TRY IT
If a line comes after the one containing "((2 * real k2", leave it out; copy every line before it, and that line too, exactly as written, starting from the first line of the entries.

EXERCISE MATERIAL
lemma cross_form_bound:
  assumes "k < m" "\<bar>t\<bar> \<le> sin h" "\<bar>u\<bar> \<le> sin h"
  shows "cos h * \<bar>t\<^sup>2 - u\<^sup>2\<bar> \<le> 2 * sin h * \<bar>((cos h)\<^sup>2 + t*u) * sin (k * (2*h))
           + cos h * (u - t) * cos (k * (2*h))\<bar>"
proof -
  note F = polygon_angle_bounds
  have straight: "cos h * \<bar>t\<^sup>2 - u\<^sup>2\<bar> \<le> 2 * sin h * \<bar>cos h * (u - t)\<bar>"
  proof -
    have "\<bar>t\<^sup>2 - u\<^sup>2\<bar> = \<bar>t + u\<bar> * \<bar>u - t\<bar>"
      by (simp add: power2_eq_square abs_mult[symmetric] algebra_simps)
    also have "\<dots> \<le> 2 * sin h * \<bar>u - t\<bar>"
      using assms by (intro mult_right_mono) auto
    finally have "cos h * \<bar>t\<^sup>2 - u\<^sup>2\<bar> \<le> cos h * (2 * sin h * \<bar>u - t\<bar>)"
      using F by (intro mult_left_mono) auto
    also have "\<dots> = 2 * sin h * \<bar>cos h * (u - t)\<bar>"
      using F by (simp add: abs_mult)
    finally show ?thesis .
  qed
  consider "k = 0" | "1 \<le> k" "k < l" | "k = l" | "l < k" by linarith
  then show ?thesis
  proof cases
    case 1
    then show ?thesis using straight by simp
  next
    case 2
    then show ?thesis using cross_form_bound_proper_angle assms by blast
  next
    case 3
    then show ?thesis using straight polygon_half_turn by simp
  next
    case 4
    define r where "r = k - l"
    have r: "1 \<le> r" "r < l" using 4 assms(1) unfolding r_def m_eq by auto
    have "real k * (2*h) = real r * (2*h) + pi"
      using 4 polygon_half_turn unfolding r_def by (simp add: of_nat_diff algebra_simps)
    then have "((cos h)\<^sup>2 + t*u) * sin (k * (2*h)) + cos h * (u - t) * cos (k * (2*h))
       = - (((cos h)\<^sup>2 + t*u) * sin (r * (2*h)) + cos h * (u - t) * cos (r * (2*h)))"
      by (simp add: sin_add cos_add algebra_simps)
    then show ?thesis
      using cross_form_bound_proper_angle[OF r assms(2,3)] by (simp only: abs_minus_cancel)
  qed
qed

lemma rotated_points_cross_bound:
  assumes "k1 \<le> k2" "k2 < m" "\<bar>t\<bar> \<le> sin h" "\<bar>u\<bar> \<le> sin h"
  defines "p \<equiv> rotated_point ((2 * real k1 + 1) * h) (cos h) t"
    and "q \<equiv> rotated_point ((2 * real k2 + 1) * h) (cos h) u"
  shows "cos h * \<bar>(norm p)\<^sup>2 - (norm q)\<^sup>2\<bar> \<le> 2 * sin h * \<bar>cross2 p q\<bar>"
proof -
  have "(2 * real k2 + 1) * h - (2 * real k1 + 1) * h = real (k2 - k1) * (2*h)"
    using assms(1) by (simp add: of_nat_diff algebra_simps)
  then have "cross2 p q = ((cos h)\<^sup>2 + t*u) * sin (real (k2 - k1) * (2*h))
           + cos h * (u - t) * cos (real (k2 - k1) * (2*h))"
    unfolding p_def q_def cross2_rotated_point by simp
  moreover have "(norm p)\<^sup>2 - (norm q)\<^sup>2 = t\<^sup>2 - u\<^sup>2"
    unfolding p_def q_def norm_rotated_point by simp
  ultimately show ?thesis
    using cross_form_bound[of "k2 - k1" t u] assms(2-4) by simp
qed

ANSWER BOX
lemma cross_form_bound:
  assumes "k < m" "\<bar>t\<bar> \<le> sin h" "\<bar>u\<bar> \<le> sin h"
  shows "cos h * \<bar>t\<^sup>2 - u\<^sup>2\<bar> \<le> 2 * sin h * \<bar>((cos h)\<^sup>2 + t*u) * sin (k * (2*h))
           + cos h * (u - t) * cos (k * (2*h))\<bar>"
proof -
  note F = polygon_angle_bounds
  have straight: "cos h * \<bar>t\<^sup>2 - u\<^sup>2\<bar> \<le> 2 * sin h * \<bar>cos h * (u - t)\<bar>"
  proof -
    have "\<bar>t\<^sup>2 - u\<^sup>2\<bar> = \<bar>t + u\<bar> * \<bar>u - t\<bar>"
      by (simp add: power2_eq_square abs_mult[symmetric] algebra_simps)
    also have "\<dots> \<le> 2 * sin h * \<bar>u - t\<bar>"
      using assms by (intro mult_right_mono) auto
    finally have "cos h * \<bar>t\<^sup>2 - u\<^sup>2\<bar> \<le> cos h * (2 * sin h * \<bar>u - t\<bar>)"
      using F by (intro mult_left_mono) auto
    also have "\<dots> = 2 * sin h * \<bar>cos h * (u - t)\<bar>"
      using F by (simp add: abs_mult)
    finally show ?thesis .
  qed
  consider "k = 0" | "1 \<le> k" "k < l" | "k = l" | "l < k" by linarith
  then show ?thesis
  proof cases
    case 1
    then show ?thesis using straight by simp
  next
    case 2
    then show ?thesis using cross_form_bound_proper_angle assms by blast
  next
    case 3
    then show ?thesis using straight polygon_half_turn by simp
  next
    case 4
    define r where "r = k - l"
    have r: "1 \<le> r" "r < l" using 4 assms(1) unfolding r_def m_eq by auto
    have "real k * (2*h) = real r * (2*h) + pi"
      using 4 polygon_half_turn unfolding r_def by (simp add: of_nat_diff algebra_simps)
    then have "((cos h)\<^sup>2 + t*u) * sin (k * (2*h)) + cos h * (u - t) * cos (k * (2*h))
       = - (((cos h)\<^sup>2 + t*u) * sin (r * (2*h)) + cos h * (u - t) * cos (r * (2*h)))"
      by (simp add: sin_add cos_add algebra_simps)
    then show ?thesis
      using cross_form_bound_proper_angle[OF r assms(2,3)] by (simp only: abs_minus_cancel)
  qed
qed

lemma rotated_points_cross_bound:
  assumes "k1 \<le> k2" "k2 < m" "\<bar>t\<bar> \<le> sin h" "\<bar>u\<bar> \<le> sin h"
  defines "p \<equiv> rotated_point ((2 * real k1 + 1) * h) (cos h) t"
    and "q \<equiv> rotated_point ((2 * real k2 + 1) * h) (cos h) u"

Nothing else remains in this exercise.